1. Find incentrum $E$ of triangle $ABC$ .
2. Find point $F$ intersection circle and middle perpendicular $BC$ .
3. Find point $G$ intersection circle and line $FE$ .
4. Find point $H$ of intersection of line $GD$ and bisector of angle $ABC$ - centrum of circle $e$ .
5. Find length $GH=4$ .

Answer $4$ .

I know there are official standard solutions for this problem, but I just wanted to point out a 'shortcut' by manipulating the unintended hints of
1) the answer is an integer (also a positive one considering that it's a real distance of a circle's radius), OR
2) the way that it accepted an estimate as long as it lies within allowed range (only if the answer wasn't an integer).
[ Disclaimer : only applicable to this site, NEVER do this on a pen & paper examination ]

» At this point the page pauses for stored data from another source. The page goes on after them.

theorem lemma4p1:
  fixes Voc :: "sym set"
  assumes "finite Voc" and "SET_sym \<in> Voc" and "ancestor_sym \<notin> Voc"
  shows "\<exists>\<tau>. wf_trans \<tau> \<and> overlay Voc \<tau> \<and>
    (\<forall>U SS A. set_system U SS \<and> wf_struct Voc A \<and> sqsub (set_system_struct U SS) A \<longrightarrow>
       (\<exists>B. trans_sem Voc \<tau> A B) \<and>
       (\<forall>B. trans_sem Voc \<tau> A B \<longrightarrow>
          (\<exists>T. represents_laminar_tree U SS T \<and> B = join A T)))"
proof -
  obtain vs where vs: "set vs = Voc" "distinct vs"
    using finite_distinct_list[OF assms(1)] by blast
  obtain p1 p2 p3 rr cc where "fresh_names p1 p2 p3 rr cc Voc"
    using ex_fresh_names[OF assms(1)] by blast
  then interpret fresh_names p1 p2 p3 rr cc Voc .
  show ?thesis
  proof (rule exI, intro conjI allI impI)
    show "wf_trans (tau (tau_interps vs))"
      using wf_tau vs assms(3) by simp
    show "overlay Voc (tau (tau_interps vs))"
      using overlay_tau vs(1) .
    fix U SS A assume input: "set_system U SS \<and> wf_struct Voc A \<and> sqsub (set_system_struct U SS) A"
    then show "\<exists>B. trans_sem Voc (tau (tau_interps vs)) A B"
      using ex_run_tau[of A U SS] unfolding trans_sem_def by blast
    fix B assume "trans_sem Voc (tau (tau_interps vs)) A B"
    then show "\<exists>T. represents_laminar_tree U SS T \<and> B = join A T"
      using run_tau_output[OF vs(1) assms(3)] input unfolding trans_sem_def by blast
  qed
qed

end
lemma is_ideal_gen_ideal: "is_ideal (gen_ideal S)"
  unfolding is_ideal_def
proof (intro conjI ballI allI)
  show "0 \<in> gen_ideal S"
    unfolding gen_ideal_def by (intro CollectI exI[of _ "{}"]) simp
next
  fix x y assume "x \<in> gen_ideal S" "y \<in> gen_ideal S"
  then obtain A1 c1 A2 c2 where A: "finite A1" "A1 \<subseteq> S" "x = (\<Sum>s\<in>A1. c1 s * s)"
    "finite A2" "A2 \<subseteq> S" "y = (\<Sum>s\<in>A2. c2 s * s)"
    unfolding gen_ideal_def by blast
  define c where "c s = (if s \<in> A1 then c1 s else 0) + (if s \<in> A2 then c2 s else 0)" for s
  have split: "c s * s = (if s \<in> A1 then c1 s * s else 0) + (if s \<in> A2 then c2 s * s else 0)" for s
    unfolding c_def by (simp add: distrib_right)
  have "(\<Sum>s\<in>A1 \<union> A2. c s * s)
      = (\<Sum>s\<in>A1 \<union> A2. if s \<in> A1 then c1 s * s else 0)
        + (\<Sum>s\<in>A1 \<union> A2. if s \<in> A2 then c2 s * s else 0)"
    unfolding split by (rule sum.distrib)
  also have "\<dots> = x + y"
    using A by (simp add: sum.If_cases Int_absorb1 Int_absorb2)
  finally show "x + y \<in> gen_ideal S"
    unfolding gen_ideal_def using A by (intro CollectI exI[of _ "A1 \<union> A2"] exI[of _ c]) auto
next
  fix r x assume "x \<in> gen_ideal S"
  then obtain A c where A: "finite A" "A \<subseteq> S" "x = (\<Sum>s\<in>A. c s * s)"
    unfolding gen_ideal_def by blast
  then have "r * x = (\<Sum>s\<in>A. (r * c s) * s)"
    by (simp add: sum_distrib_left mult.assoc)
  then show "r * x \<in> gen_ideal S"
    unfolding gen_ideal_def using A by (intro CollectI exI[of _ A] exI[of _ "\<lambda>s. r * c s"]) simp
qed

lemma gen_ideal_superset: "S \<subseteq> gen_ideal S"
proof
  fix s assume "s \<in> S"
  then show "s \<in> gen_ideal S"
    unfolding gen_ideal_def by (intro CollectI exI[of _ "{s}"] exI[of _ "\<lambda>_. 1"]) auto
qed

lemma gen_ideal_least:
  assumes "S \<subseteq> T" "is_ideal T"
  shows "gen_ideal S \<subseteq> T"
proof
  fix f assume "f \<in> gen_ideal S"
  then obtain A c where A: "finite A" "A \<subseteq> S" "f = (\<Sum>s\<in>A. c s * s)"
    unfolding gen_ideal_def by blast
  show "f \<in> T"
    unfolding A(3) using A(2) assms by (intro is_ideal_sum[OF assms(2)] is_ideal_mult_left) auto
qed

lemma gen_ideal_mono: "S \<subseteq> T \<Longrightarrow> gen_ideal S \<subseteq> gen_ideal T"
  by (meson gen_ideal_least gen_ideal_superset is_ideal_gen_ideal order_trans)

lemma gen_ideal_Un_gen_ideal: "gen_ideal (gen_ideal S \<union> T) = gen_ideal (S \<union> T)"
proof (rule subset_antisym)
  show "gen_ideal (gen_ideal S \<union> T) \<subseteq> gen_ideal (S \<union> T)"
    by (intro gen_ideal_least is_ideal_gen_ideal Un_least)
      (auto intro: gen_ideal_mono[THEN subsetD] gen_ideal_superset[THEN subsetD])
  show "gen_ideal (S \<union> T) \<subseteq> gen_ideal (gen_ideal S \<union> T)"
    by (intro gen_ideal_mono) (use gen_ideal_superset in auto)
qed

lemma is_ideal_hibi_ideal: "is_ideal hibi_ideal"
  unfolding hibi_ideal_def by (rule is_ideal_gen_ideal)

lemma is_ideal_gen_R: "is_ideal (gen_R T)"
  unfolding gen_R_def by (rule is_ideal_gen_ideal)

lemma gen_R_superset: "T \<subseteq> gen_R T"
  unfolding gen_R_def using gen_ideal_superset by blast

lemma hibi_ideal_subset_gen_R: "hibi_ideal \<subseteq> gen_R T"
  unfolding gen_R_def using gen_ideal_superset by blast

lemma gen_R_mono: "S \<subseteq> T \<Longrightarrow> gen_R S \<subseteq> gen_R T"
  unfolding gen_R_def by (intro gen_ideal_mono) auto

lemma gen_R_least: "T \<subseteq> I \<Longrightarrow> hibi_ideal \<subseteq> I \<Longrightarrow> is_ideal I \<Longrightarrow> gen_R T \<subseteq> I"
  unfolding gen_R_def by (intro gen_ideal_least) auto

lemma gen_R_empty: "gen_R {} = hibi_ideal"
  unfolding gen_R_def hibi_ideal_def
  by (simp add: gen_ideal_least gen_ideal_superset is_ideal_gen_ideal subset_antisym)

lemma gen_R_eq_gen_ideal_basic_binomials: "gen_R T = gen_ideal (basic_binomials \<union> T)"
  unfolding gen_R_def hibi_ideal_def by (rule gen_ideal_Un_gen_ideal)

lemma gen_R_Un_gen_R: "gen_R (gen_R S \<union> T) = gen_R (S \<union> T)"
proof -
  have "hibi_ideal \<union> (gen_ideal (hibi_ideal \<union> S) \<union> T)
      = gen_ideal (hibi_ideal \<union> S) \<union> (hibi_ideal \<union> T)"
    by blast
  moreover have "hibi_ideal \<union> S \<union> (hibi_ideal \<union> T) = hibi_ideal \<union> (S \<union> T)"
    by blast
  ultimately show ?thesis
    unfolding gen_R_def by (simp only: gen_ideal_Un_gen_ideal)
qed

The answer should be between the smallest radius when the semicircle lies within the triangle and the greatest radius when the circle touched the middle of chord with length 12 and the bigger circle internally within the major segment.

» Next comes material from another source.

(* Let $f:\mathbb{R}^n\to\mathbb{R}$ be a convex, continuously differentiable function with locally Lipschitz gradient, with $\mathcal{X}^*:=\arg\min f\neq\emptyset$ and optimal value $f^*$, and assume $f$ is locally strongly convex. Let $x^0$ be such that $\Lambda(x^0):=\{x:f(x)\le f(x^0)\}$ is bounded; let $r:=\max\{\|x\|:x\in\Lambda(x^0)\}$, $\Omega:=\overline{B}(0;5r)$, let $L_\Omega>0$ satisfy $\|\nabla f(x)-\nabla f(y)\|\le L_\Omega\|x-y\|$ on $\Omega$, and let $\mu_\Omega:=\inf_{x,y\in\Omega,x\neq y}\frac{\langle\nabla f(y)-\nabla f(x),y-x\rangle}{\|y-x\|^2}$; assume $\mu_\Omega<L_\Omega$. Let $(x^k)$ be generated by $x^{k+1}=x^k-\alpha_k\nabla f(x^k)$ with $\alpha_k\in[\bar\alpha,1/L_\Omega]$, where $0<\bar\alpha<1/L_\Omega$. Let $x^*$ be an optimal solution, $q_0:=\frac{2\bar\alpha\mu_\Omega L_\Omega}{\mu_\Omega+L_\Omega}$, $q_1:=\frac{\mu_\Omega^2\bar\alpha^2}{4}$. Then: (a) $\|x^{k+1}-x^*\|^2\le(1-q_0)\|x^k-x^*\|^2$ and $f(x^{k+1})-f^*\le(1-q_1)(f(x^k)-f^* )$ for all $k\in\mathbb{N}_0$; i.e. $(\|x^k-x^*\|)$ and $(f(x^k)-f^* )$ converge Q-linearly to $0$ with rates $\sqrt{1-q_0}$ and $1-q_1$; (b) $\|\nabla f(x^k)\|\le\frac{\sqrt2 L_\Omega}{\sqrt{\mu_\Omega}}(f(x^0)-f^* )^{1/2}(1-q_1)^{k/2}$ for all $k\in\mathbb{N}_0$.
   Context: $f$ is locally strongly convex if every $x$ has $\delta_x>0$, $\mu_x>0$ such that $f(y)\ge f(z)+\langle\nabla f(z),y-z\rangle+\frac{\mu_x}{2}\|y-z\|^2$ for all $y,z\in B(x;\delta_x)$. Here $\Omega$ is the set $\overline B(0;(1+2(1+\nu)^{1/\nu})r)$ with $\nu=1$. *)

theory Defs
  imports "HOL-Analysis.Analysis"
begin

Let the smallest radius be x.
x / (12 – x) = (5 – x) / x
x² = (12 – x) × (5 – x)
= x² – 17x + 60
x = 60/17 = 3.53

Let the greatest radius be y.
2y = [ 5 + √(5² + 12²) ] / 2
= [ 5 + 13 ] / 2
= 18 / 2
= 9
y = 9/2 = 4.5

My first attempt would be the average of these answers, but it would have shown an "integer only" reminder and the only integer possible is 4.

For a right triangle that circle has radius twice the inradius. In our case it is 2*2=4.

I do not have a proof, just an observation.